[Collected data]
lemma card_level_Suc:
  assumes "finite B"
  shows "Suc T * card (level B (Suc T)) = (T + card B) * card (level B T)"
proof -
  have inter: "level B T' \<inter> omega_fun B = level B T'"
    and diff: "level B T' - omega_fun B = {}" for T'
    by (auto simp: level_def)
  show ?thesis
    using card_level_Suc_Int[OF assms upper_set_omega_fun, of T]
    by (simp add: boundary_weight_def inter diff)
qed

lemma level_exchange:
  assumes fin: "finite B" and f: "f \<in> level B T" and g: "g \<in> level B T"
    and a: "a \<in> B" "g a < f a"
  obtains c where "c \<in> B" "c \<noteq> a" "f c < g c" "g(a := g a + 1, c := g c - 1) \<in> level B T"
proof -
  obtain c where c: "c \<in> B" "f c < g c"
    using sum_strict_mono_ex1[OF fin, of g f] f g a by (force simp: level_def)
  moreover have "c \<noteq> a"
    using a c by auto
  moreover have "g(a := g a + 1, c := g c - 1) \<in> level B T"
    using fun_upd_pred_in_level[OF fin c(1) fun_upd_Suc_in_level[OF fin a(1) g]] c \<open>c \<noteq> a\<close>
    by simp
  ultimately show ?thesis
    using that by blast
qed

text \<open>
  Moving a point of \<open>L\<^sub>T - M\<close> one unit towards a point of \<open>L\<^sub>T \<inter> M\<close> keeps it in \<open>L\<^sub>T\<close>;
  the first time it enters \<open>M\<close> we have found a boundary pair.
\<close>

lemma level_boundary_exists:
  assumes fin: "finite B" and up: "upper_set B M"
    and f: "f \<in> level B T \<inter> M" and g: "g \<in> level B T - M"
  shows "\<exists>h\<in>level B T - M. \<exists>b\<in>B. h(b := h b + 1) \<in> M"
  using g
proof (induction "\<Sum>b\<in>B. f b - g b" arbitrary: g rule: less_induct)
  case less
  show ?case
  proof (cases "\<forall>b\<in>B. f b \<le> g b")
    case True
    then have "g \<in> M"
      using f less.prems up unfolding upper_set_def level_def by auto
    with less.prems show ?thesis
      by auto
  next
    case False
    then obtain a where a: "a \<in> B" "g a < f a"
      by auto
    obtain c where c: "c \<in> B" "c \<noteq> a" "f c < g c"
      and exchange: "g(a := g a + 1, c := g c - 1) \<in> level B T"
      by (rule level_exchange[OF fin IntD1[OF f] DiffD1[OF less.prems] a])
    define g' where "g' = g(a := g a + 1, c := g c - 1)"
    from exchange have g'_level: "g' \<in> level B T"
      unfolding g'_def .
    show ?thesis
    proof (cases "g' \<in> M")
      case True
      have "g(a := g a + 1) \<in> M"
        using up True fun_upd_Suc_in_level[OF fin a(1), of g T] less.prems c(2)
        unfolding upper_set_def level_def g'_def by auto
      with less.prems a show ?thesis
        by blast
    next
      case False
      have "f a - g' a < f a - g a" and "\<forall>b\<in>B. f b - g' b \<le> f b - g b"
        using a c by (auto simp: g'_def)
      then have "(\<Sum>b\<in>B. f b - g' b) < (\<Sum>b\<in>B. f b - g b)"
        using a fin by (meson sum_strict_mono_ex1)
      then show ?thesis
        by (rule less.hyps) (use g'_level False in auto)
    qed
  qed
qed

▶ _WHAT YOU HAVE TO DO_
Your reply should consist solely of the number of lines above that contain the word "cases".

▶ _THE ANSWER_
2